definition degree :: "('n::finite \<Rightarrow> 'n \<Rightarrow> bool) \<Rightarrow> 'n \<Rightarrow> nat" where
  "degree E v = card {w. E v w}"

definition pendant :: "('n::finite \<Rightarrow> 'n \<Rightarrow> bool) \<Rightarrow> 'n \<Rightarrow> bool" where
  "pendant E v \<longleftrightarrow> degree E v = 1"

definition major :: "('n::finite \<Rightarrow> 'n \<Rightarrow> bool) \<Rightarrow> 'n \<Rightarrow> bool" where
  "major E v \<longleftrightarrow> degree E v \<ge> 3"

definition gdist :: "('n \<Rightarrow> 'n \<Rightarrow> bool) \<Rightarrow> 'n \<Rightarrow> 'n \<Rightarrow> nat" where
  "gdist E u v = (LEAST n. \<exists>xs. walk E xs \<and> hd xs = u \<and> last xs = v \<and> length xs = Suc n)"

definition laplacian :: "('n::finite \<Rightarrow> 'n \<Rightarrow> bool) \<Rightarrow> real^'n^'n" where
  "laplacian E = (\<chi> i j. (if i = j then real (degree E i) else 0) - (if E i j then 1 else 0))"

definition is_eigenvalue :: "real^'n^'n \<Rightarrow> real \<Rightarrow> bool" where
  "is_eigenvalue A c \<longleftrightarrow> (\<exists>x. x \<noteq> 0 \<and> A *v x = c *\<^sub>R x)"

end

theory Submission
  imports Defs "HOL-Library.Sublist"
begin

(*
  Rooted at the major vertex, the tree is a spider: the root has exactly three children and
  every other vertex at most one, because pairwise incomparable vertices have distinct leaves
  below them and there are only three leaves.

  Along a leg, the equation L x = x says x(h+1) = x(h) - x(h-1) at the inner vertices and
  x(1) = 0 at the leaf, where h is the distance from the leaf y.  Hence x = t_y c_h on that leg,
  with c = 1, 0, -1, -1, 0, 1, ... of period 6, vanishing exactly at h = 1 (mod 3).  What is left
  are the conditions at the centre: X = t_y c_(a_y) for every leg length a_y, and
  2 X = sum of t_y c_(a_y - 1).  A case analysis on the residues a_y mod 3 shows that these admit
  a nonzero solution exactly in the two cases of the theorem.
*)

lemma walk_Nil [simp]: "\<not> walk E []"
  by (simp add: walk_def)
(* For all $\lambda$-terms $M,N$: if $M \twoheadrightarrow_\beta N$, then $\mathrm{BT}^c(M) \geq \mathrm{BT}^c(N)$, i.e. $N$ improves $M$ globally.
   Context: Untyped $\lambda$-calculus modulo $\alpha$; $\twoheadrightarrow_\beta$ is the reflexive-transitive closure of $\beta$-reduction. A head reduction step is a $\beta$-step of the form $\lambda x_1\ldots x_n.(\lambda y.M)NN_1\ldots N_m \to \lambda x_1\ldots x_n.M[y:=N]N_1\ldots N_m$ ($n,m\ge0$); a head normal form (hnf) is a term $\lambda x_1\ldots x_n.\,yN_1\ldots N_m$. The clocked Böhm tree $\mathrm{BT}^c(M)$ is the annotated, possibly infinite tree defined coinductively: if $M$ has no hnf then $\mathrm{BT}^c(M)=\bot$; otherwise the (unique) head reduction of $M$ to hnf has some length $k$, say $M \to_h^k \lambda x_1\ldots x_n.\,yM_1\ldots M_m$, and then $\mathrm{BT}^c(M)$ is the tree $\lambda x_1\ldots x_n.\,y\,\mathrm{BT}^c(M_1)\ldots\mathrm{BT}^c(M_m)$ whose root node carries the annotation $k$. Positions are finite sequences over $\{0,1,2\}$: the empty sequence is the root, $0p$ in $\lambda x.T$ is position $p$ of $T$, $1p$ (resp. $2p$) in an application $T_1T_2$ is position $p$ of $T_1$ (resp. $T_2$). For annotated trees $T_1,T_2$, write $T_1 \ge T_2$ if $T_1$ and $T_2$ are identical after erasing all annotations, and for every position $p$ either neither subtree at $p$ carries a root annotation, or both do, with annotations $k_1,k_2$ satisfying $k_1 \ge k_2$. $N$ improves $M$ globally if $\mathrm{BT}^c(N)\le \mathrm{BT}^c(M)$. *)

theory Defs
  imports Main
begin

datatype dB = is_Var: Var (var_of: nat) | is_App: App (fun_of: dB) (arg_of: dB) | is_Abs: Abs (body_of: dB)

primrec lift :: "dB \<Rightarrow> nat \<Rightarrow> dB" where
  "lift (Var i) k = (if i < k then Var i else Var (i + 1))"
| "lift (App s t) k = App (lift s k) (lift t k)"
| "lift (Abs s) k = Abs (lift s (k + 1))"

primrec subst :: "dB \<Rightarrow> dB \<Rightarrow> nat \<Rightarrow> dB" where
  "subst (Var i) s k = (if k < i then Var (i - 1) else if i = k then s else Var i)"
| "subst (App t u) s k = App (subst t s k) (subst u s k)"
| "subst (Abs t) s k = Abs (subst t (lift s 0) (k + 1))"

inductive beta :: "dB \<Rightarrow> dB \<Rightarrow> bool" where
  beta_redex: "beta (App (Abs s) t) (subst s t 0)"
| beta_appL: "beta s t \<Longrightarrow> beta (App s u) (App t u)"
| beta_appR: "beta s t \<Longrightarrow> beta (App u s) (App u t)"
| beta_abs: "beta s t \<Longrightarrow> beta (Abs s) (Abs t)"

abbreviation beta_star :: "dB \<Rightarrow> dB \<Rightarrow> bool" where
  "beta_star \<equiv> beta\<^sup>*\<^sup>*"

inductive head :: "dB \<Rightarrow> dB \<Rightarrow> bool" where
  head_redex: "head (App (Abs s) t) (subst s t 0)"
| head_app: "head s s' \<Longrightarrow> (\<forall>u. s \<noteq> Abs u) \<Longrightarrow> head (App s t) (App s' t)"
| head_abs: "head s s' \<Longrightarrow> head (Abs s) (Abs s')"

fun is_var_app :: "dB \<Rightarrow> bool" where
  "is_var_app (Var y) = True"
| "is_var_app (App s t) = is_var_app s"
| "is_var_app (Abs s) = False"

fun is_hnf :: "dB \<Rightarrow> bool" where
  "is_hnf (Abs s) = is_hnf s"
| "is_hnf t = is_var_app t"

definition has_hnf :: "dB \<Rightarrow> bool" where
  "has_hnf M \<longleftrightarrow> (\<exists>k N. (head ^^ k) M N \<and> is_hnf N)"

definition hlen :: "dB \<Rightarrow> nat" where
  "hlen M = (THE k. \<exists>N. (head ^^ k) M N \<and> is_hnf N)"

definition hnf :: "dB \<Rightarrow> dB" where
  "hnf M = (THE N. \<exists>k. (head ^^ k) M N \<and> is_hnf N)"

text \<open>Nodes mirror lambda-term syntax; every non-bottom node carries an
  annotation of type 'a (used with 'a = nat option: None = no annotation).\<close>
codatatype 'a atree =
    ABot
  | AVar 'a nat
  | ALam 'a "'a atree"
  | AApp 'a "'a atree" "'a atree"

text \<open>The state (M, True) means: compute
  BT^c(M) afresh; (M, False) means: M is a part of the spine of an hnf already
  computed, to be copied (without annotation), its arguments being computed
  afresh.\<close>
primcorec bt_gen :: "dB \<times> bool \<Rightarrow> nat option atree" where
  "bt_gen x =
    (if snd x \<and> \<not> has_hnf (fst x) then ABot
     else if is_Var (if snd x then hnf (fst x) else fst x)
       then AVar (if snd x then Some (hlen (fst x)) else None)
                 (var_of (if snd x then hnf (fst x) else fst x))
     else if is_Abs (if snd x then hnf (fst x) else fst x)
       then ALam (if snd x then Some (hlen (fst x)) else None)
                 (bt_gen (body_of (if snd x then hnf (fst x) else fst x), False))
     else AApp (if snd x then Some (hlen (fst x)) else None)
               (bt_gen (fun_of (if snd x then hnf (fst x) else fst x), False))
               (bt_gen (arg_of (if snd x then hnf (fst x) else fst x), True)))"

definition BTc :: "dB \<Rightarrow> nat option atree" where
  "BTc M = bt_gen (M, True)"

primrec subtree_at :: "'a atree \<Rightarrow> nat list \<Rightarrow> 'a atree option" where
  "subtree_at t [] = Some t"
| "subtree_at t (i # p) =
     (case t of
        ALam _ u \<Rightarrow> (if i = 0 then subtree_at u p else None)
      | AApp _ u v \<Rightarrow> (if i = 1 then subtree_at u p else if i = 2 then subtree_at v p else None)
      | _ \<Rightarrow> None)"

definition root_ann :: "nat option atree \<Rightarrow> nat option" where
  "root_ann t = (case t of ABot \<Rightarrow> None | AVar a _ \<Rightarrow> a | ALam a _ \<Rightarrow> a | AApp a _ _ \<Rightarrow> a)"

definition erase :: "nat option atree \<Rightarrow> nat option atree" where
  "erase t = map_atree (\<lambda>_. None) t"

definition tree_ge :: "nat option atree \<Rightarrow> nat option atree \<Rightarrow> bool" where
  "tree_ge T1 T2 \<longleftrightarrow>
     erase T1 = erase T2 \<and>
     (\<forall>p s1 s2. subtree_at T1 p = Some s1 \<longrightarrow> subtree_at T2 p = Some s2 \<longrightarrow>
        (root_ann s1 = None \<and> root_ann s2 = None) \<or>
        (\<exists>k1 k2. root_ann s1 = Some k1 \<and> root_ann s2 = Some k2 \<and> k1 \<ge> k2))"

definition improves_globally :: "dB \<Rightarrow> dB \<Rightarrow> bool" where
  "improves_globally N M \<longleftrightarrow> tree_ge (BTc M) (BTc N)"

end

theory Submission
  imports Defs
begin

text \<open>It suffices to consider one step of Takahashi's parallel reduction M \<Rightarrow> N, since these
  steps generate beta reduction. Every head step of M is either absorbed by the parallel step
  or matched by a head step of N, so N reaches a head normal form in no more steps, and the
  two hnfs have the same skeleton with parallel-reducing arguments. Conversely, a weighted
  standardisation argument (performing the leftmost contracted redex first decreases the
  weight) shows that M has an hnf whenever N has one. Iterating, the states generating the
  two clocked Boehm trees stay related, which yields the comparison coinductively.\<close>

lemma lift_lift: "i < k + 1 \<Longrightarrow> lift (lift t i) (Suc k) = lift (lift t k) i"
  by (induct t arbitrary: i k) auto

lemma lift_subst: "j < i + 1 \<Longrightarrow> lift (subst t s j) i = subst (lift t (i + 1)) (lift s i) j"
  by (induct t arbitrary: i j s) (simp_all add: diff_Suc split: nat.split, auto simp: lift_lift)

lemma lift_subst_lt: "i < j + 1 \<Longrightarrow> lift (subst t s j) i = subst (lift t i) (lift s i) (j + 1)"
  by (induct t arbitrary: i j s) (auto simp: lift_lift)

lemma subst_lift: "subst (lift t k) s k = t"
  by (induct t arbitrary: k s) auto

lemma subst_subst:
  "i < j + 1 \<Longrightarrow> subst (subst t (lift v i) (Suc j)) (subst u v j) i = subst (subst t u i) v j"
proof (induct t arbitrary: i j u v)
  case (Abs t)
  have "lift (lift v i) 0 = lift (lift v 0) (Suc i)" using lift_lift[of 0 i v] by simp
  moreover have "subst (lift u 0) (lift v 0) (Suc j) = lift (subst u v j) 0"
    using lift_subst_lt[of 0 j u v] by simp
  moreover have "Suc i < Suc (Suc j)" using Abs by simp
  ultimately show ?case using Abs(1)[of "Suc i" "Suc j" "lift v 0" "lift u 0"] by simp
qed (simp_all add: diff_Suc subst_lift lift_subst lift_subst_lt split: nat.split)

primrec occ :: "nat \<Rightarrow> dB \<Rightarrow> nat" where
  "occ k (Var i) = (if i = k then 1 else 0)"
| "occ k (App s t) = occ k s + occ k t"
| "occ k (Abs s) = occ (Suc k) s"

lemma occ_lift_lt: "j < m \<Longrightarrow> occ j (lift t m) = occ j t"
  by (induct t arbitrary: j m) auto

lemma occ_lift_ge: "m \<le> j \<Longrightarrow> occ (Suc j) (lift t m) = occ j t"
  by (induct t arbitrary: j m) auto

lemma occ_lift_eq: "occ m (lift t m) = 0"
  by (induct t arbitrary: m) auto

lemma occ_subst_Suc: "j \<le> k \<Longrightarrow> occ j u = 0 \<Longrightarrow> occ j (subst t u (Suc k)) = occ j t"
  by (induct t arbitrary: j k u) (auto simp: occ_lift_ge)

lemma occ_subst: "j \<le> k \<Longrightarrow> occ k (subst t u j) = occ (Suc k) t + occ j t * occ k u"
  by (induct t arbitrary: j k u) (auto simp: occ_lift_ge algebra_simps)

text \<open>Parallel reduction with a weight that counts each argument once per copy made of it;
  the weight strictly decreases when the leftmost contracted redex is performed first.\<close>
inductive par_wt :: "dB \<Rightarrow> dB \<Rightarrow> nat \<Rightarrow> bool" where
  par_wt_Var: "par_wt (Var i) (Var i) 0"
| par_wt_Abs: "par_wt s t a \<Longrightarrow> par_wt (Abs s) (Abs t) (Suc a)"
| par_wt_App: "par_wt s t a \<Longrightarrow> par_wt u v b \<Longrightarrow> par_wt (App s u) (App t v) (a + b + 1)"
| par_wt_beta: "par_wt s t a \<Longrightarrow> par_wt u v b \<Longrightarrow>
    par_wt (App (Abs s) u) (subst t v 0) (a + occ 0 t * b + 1)"

definition par :: "dB \<Rightarrow> dB \<Rightarrow> bool" where
  "par s t \<longleftrightarrow> (\<exists>a. par_wt s t a)"

lemma par_wt_lift: "par_wt s t a \<Longrightarrow> par_wt (lift s k) (lift t k) a"
proof (induct arbitrary: k rule: par_wt.induct)
  case (par_wt_beta s t a u v b)
  have "par_wt (App (Abs (lift s (Suc k))) (lift u k)) (subst (lift t (Suc k)) (lift v k) 0)
          (a + occ 0 (lift t (Suc k)) * b + 1)"
    using par_wt.par_wt_beta[OF par_wt_beta(2,4)] .
  then show ?case using lift_subst[of 0 k t v] by (simp add: occ_lift_lt)
qed (auto intro: par_wt.intros par_wt_App[simplified])
(* For all integers $m\ge 0$ and $n\ge 1$, $$\int_0^{\pi/2}x^{2m}\cos^{2n}(x)\,dx=(2m)!\,\frac{\binom{2n}{n}}{4^n}\sum_{j=0}^m\frac{(-1)^j\,\zeta_n^{\star}(\{2\}_j)}{2^{2j}(2m-2j+1)!}\left(\frac{\pi}{2}\right)^{2m-2j+1}.$$
   Context: For integers $n\ge1$ and $j\ge0$, the multiple harmonic star sum of depth $j$ and weight $2j$ is $\zeta_n^{\star}(\{2\}_j)=\sum_{n\ge k_1\ge\dots\ge k_j\ge1}\prod_{i=1}^j\frac{1}{k_i^2}$, with $\zeta_n^{\star}(\{2\}_0)=1$. *)

theory Defs
  imports "HOL-Analysis.Analysis"
begin

text \<open>Multiple harmonic star sum zeta*_n({2}_j): sum over n >= k_1 >= ... >= k_j >= 1 of
  prod 1/k_i^2. Index tuples are represented as functions k on {0..<j} (indices shifted by one),
  extensional (k i = 1 outside {0..<j}) so the index set is finite.\<close>
definition zeta_star_2 :: "nat \<Rightarrow> nat \<Rightarrow> real" where
  "zeta_star_2 n j =
     (\<Sum>k\<in>{k. (\<forall>i<j. 1 \<le> k i \<and> k i \<le> n) \<and> (\<forall>i. Suc i < j \<longrightarrow> k (Suc i) \<le> k i)
             \<and> (\<forall>i\<ge>j. k i = 1)}.
        \<Prod>i<j. 1 / (real (k i))^2)"

end

theory Submission
  imports Defs
begin

text \<open>Write I(m, n) for the integral. Integrating x^(2m) against the second derivative of
  cos^(2n+2) by parts twice (no boundary terms survive on [0, pi/2]) gives
  (2n+2)^2 I(m, n+1) = (2n+2)(2n+1) I(m, n) - 2m(2m-1) I(m-1, n+1).
  Divided by (2m)! binom(2n, n) / 4^n, the right-hand side satisfies the same recursion, thanks to
  zeta*_(n+1)({2}_(j+1)) = zeta*_n({2}_(j+1)) + zeta*_(n+1)({2}_j) / (n+1)^2, and both sides
  agree for n = 0, where only the j = 0 term survives.\<close>

lemma has_integral_Green_identity:
  fixes u u' u'' v v' v'' :: "real \<Rightarrow> real"
  assumes "a \<le> b"
    and "\<And>x. (u has_real_derivative u' x) (at x)" "\<And>x. (u' has_real_derivative u'' x) (at x)"
    and "\<And>x. (v has_real_derivative v' x) (at x)" "\<And>x. (v' has_real_derivative v'' x) (at x)"
  shows "((\<lambda>x. u x * v'' x - u'' x * v x) has_integral
           (u b * v' b - u' b * v b) - (u a * v' a - u' a * v a)) {a..b}"
proof (rule fundamental_theorem_of_calculus[OF \<open>a \<le> b\<close>])
  fix x
  have "((\<lambda>x. u x * v' x - u' x * v x) has_real_derivative u x * v'' x - u'' x * v x) (at x)"
    by (rule derivative_eq_intros assms refl)+ (simp add: algebra_simps)
  then show "((\<lambda>x. u x * v' x - u' x * v x) has_vector_derivative u x * v'' x - u'' x * v x)
               (at x within {a..b})"
    by (simp add: has_real_derivative_iff_has_vector_derivative[symmetric] has_field_derivative_at_within)
qed

lemma DERIV_cos_power_Suc:
  "((\<lambda>x. cos x ^ Suc k) has_real_derivative - real (Suc k) * cos x ^ k * sin x) (at x)"
  by (rule derivative_eq_intros refl | simp add: algebra_simps)+

lemma DERIV_cos_power_Suc_deriv:
  "((\<lambda>x. - real (Suc (Suc k)) * cos x ^ Suc k * sin x) has_real_derivative
      real (Suc (Suc k)) * real (Suc k) * cos x ^ k - real (Suc (Suc k))^2 * cos x ^ Suc (Suc k)) (at x)"
proof -
  have sin2: "sin x * sin x = 1 - cos x * cos x"
    using sin_squared_eq[of x] by (simp add: power2_eq_square)
  have "((\<lambda>x. - real (Suc (Suc k)) * cos x ^ Suc k * sin x) has_real_derivative
      - real (Suc (Suc k)) * ((- real (Suc k) * cos x ^ k * sin x) * sin x + cos x ^ Suc k * cos x)) (at x)"
    by (rule derivative_eq_intros DERIV_cos_power_Suc refl)+ (simp add: algebra_simps)
  moreover have "- real (Suc (Suc k)) * ((- real (Suc k) * cos x ^ k * sin x) * sin x + cos x ^ Suc k * cos x)
      = real (Suc (Suc k)) * real (Suc k) * cos x ^ k - real (Suc (Suc k))^2 * cos x ^ Suc (Suc k)"
    by (simp only: power_Suc mult.assoc[of _ "sin x"] sin2) (simp add: algebra_simps power2_eq_square)
  ultimately show ?thesis by simp
qed

definition cos_moment :: "nat \<Rightarrow> nat \<Rightarrow> real" where
  "cos_moment m n = integral {0..pi/2} (\<lambda>x. x^(2*m) * cos x^(2*n))"

lemma has_integral_cos_moment:
  "((\<lambda>x. x^(2*m) * cos x^(2*n)) has_integral cos_moment m n) {0..pi/2}"
  unfolding cos_moment_def
  by (intro integrable_integral integrable_continuous_interval continuous_intros)

lemma cos_moment_0_right: "cos_moment m 0 = (pi/2)^(2*m+1) / (2*m+1)"
proof -
  have "((\<lambda>x. x^(2*m)) has_integral (pi/2)^Suc (2*m) / Suc (2*m) - 0^Suc (2*m) / Suc (2*m)) {0..pi/2}"
  proof (rule fundamental_theorem_of_calculus)
    fix x
    have "((\<lambda>x. x^Suc (2*m) / Suc (2*m)) has_real_derivative x^(2*m)) (at x within {0..pi/2})"
      by (rule derivative_eq_intros refl | simp)+
    then show "((\<lambda>x. x^Suc (2*m) / Suc (2*m)) has_vector_derivative x^(2*m)) (at x within {0..pi/2})"
      by (simp add: has_real_derivative_iff_has_vector_derivative)
  qed simp
  then show ?thesis
    unfolding cos_moment_def by (simp add: integral_unique)
qed

text \<open>Green's identity for u = x^(2m) and v = cos^(2q+2) on [0, pi/2]: all boundary terms
  vanish, since sin 0 = 0, cos (pi/2) = 0 and x^(2m-1) vanishes at 0 unless the factor 2m does.\<close>
lemma cos_moment_Suc_right:
  "real (2*q+2)^2 * cos_moment m (Suc q) =
     real (2*q+2) * real (2*q+1) * cos_moment m q
     - real (2*m) * real (2*m-1) * cos_moment (m-1) (Suc q)"
proof -
  define u' where "u' x = real (2*m) * x^(2*m-1)" for x :: real
  define u'' where "u'' x = real (2*m) * (real (2*m-1) * x^(2*m-1-1))" for x :: real
  define v' where "v' x = - real (Suc (Suc (2*q))) * cos x ^ Suc (2*q) * sin x" for x
  define v'' where "v'' x = real (Suc (Suc (2*q))) * real (Suc (2*q)) * cos x ^ (2*q)
    - real (Suc (Suc (2*q)))^2 * cos x ^ Suc (Suc (2*q))" for x
  have green: "((\<lambda>x. x^(2*m) * v'' x - u'' x * cos x ^ Suc (Suc (2*q))) has_integral
      ((pi/2)^(2*m) * v' (pi/2) - u' (pi/2) * cos (pi/2) ^ Suc (Suc (2*q)))
       - (0^(2*m) * v' 0 - u' 0 * cos 0 ^ Suc (Suc (2*q)))) {0..pi/2}"
  proof (rule has_integral_Green_identity)
    fix x :: real
    show "((\<lambda>x. x^(2*m)) has_real_derivative u' x) (at x)"
      using DERIV_pow[of "2*m" x] by (simp add: u'_def)
    show "(u' has_real_derivative u'' x) (at x)"
      using DERIV_cmult[OF DERIV_pow[of "2*m-1" x], of "real (2*m)"]
      by (simp add: u'_def[abs_def] u''_def)
    show "((\<lambda>x. cos x ^ Suc (Suc (2*q))) has_real_derivative v' x) (at x)"
      unfolding v'_def by (rule DERIV_cos_power_Suc)
    show "(v' has_real_derivative v'' x) (at x)"
      unfolding v'_def[abs_def] v''_def by (rule DERIV_cos_power_Suc_deriv)
  qed simp
  have boundary: "((pi/2)^(2*m) * v' (pi/2) - u' (pi/2) * cos (pi/2) ^ Suc (Suc (2*q)))
       - (0^(2*m) * v' 0 - u' 0 * cos 0 ^ Suc (Suc (2*q))) = 0"
    by (cases m) (simp_all add: u'_def v'_def)
  have moments: "((\<lambda>x. x^(2*m) * v'' x - u'' x * cos x ^ Suc (Suc (2*q))) has_integral
      real (2*q+2) * real (2*q+1) * cos_moment m q - real (2*q+2)^2 * cos_moment m (Suc q)
      - real (2*m) * real (2*m-1) * cos_moment (m-1) (Suc q)) {0..pi/2}"
  proof -
    have "2*m-1-1 = 2*(m-1)" "Suc (Suc (2*q)) = 2 * Suc q" by simp_all
    then have "x^(2*m) * v'' x - u'' x * cos x ^ Suc (Suc (2*q)) =
        real (2*q+2) * real (2*q+1) * (x^(2*m) * cos x ^ (2*q))
        - real (2*q+2)^2 * (x^(2*m) * cos x ^ (2 * Suc q))
        - real (2*m) * real (2*m-1) * (x^(2*(m-1)) * cos x ^ (2 * Suc q))" for x
      unfolding u''_def v''_def by (simp add: algebra_simps)
    then show ?thesis
      by (simp only:) (intro has_integral_diff has_integral_mult_right has_integral_cos_moment)
  qed
  from has_integral_unique[OF green[unfolded boundary] moments] show ?thesis
    by linarith
qed

definition zeta_star_2_indices :: "nat \<Rightarrow> nat \<Rightarrow> (nat \<Rightarrow> nat) set" where
  "zeta_star_2_indices n j =
     {k. (\<forall>i<j. 1 \<le> k i \<and> k i \<le> n) \<and> (\<forall>i. Suc i < j \<longrightarrow> k (Suc i) \<le> k i)
         \<and> (\<forall>i\<ge>j. k i = 1)}"

lemma zeta_star_2_eq_sum_indices:
  "zeta_star_2 n j = (\<Sum>k\<in>zeta_star_2_indices n j. \<Prod>i<j. 1 / (real (k i))^2)"
  unfolding zeta_star_2_def zeta_star_2_indices_def ..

▬▬▬▬▬▬▬▬▬▬

▸ **Goal of the exercise**:
Looking back over the listing, work out how many lines include the string "coinductively". Write only that number.

▸ **Output below**:
2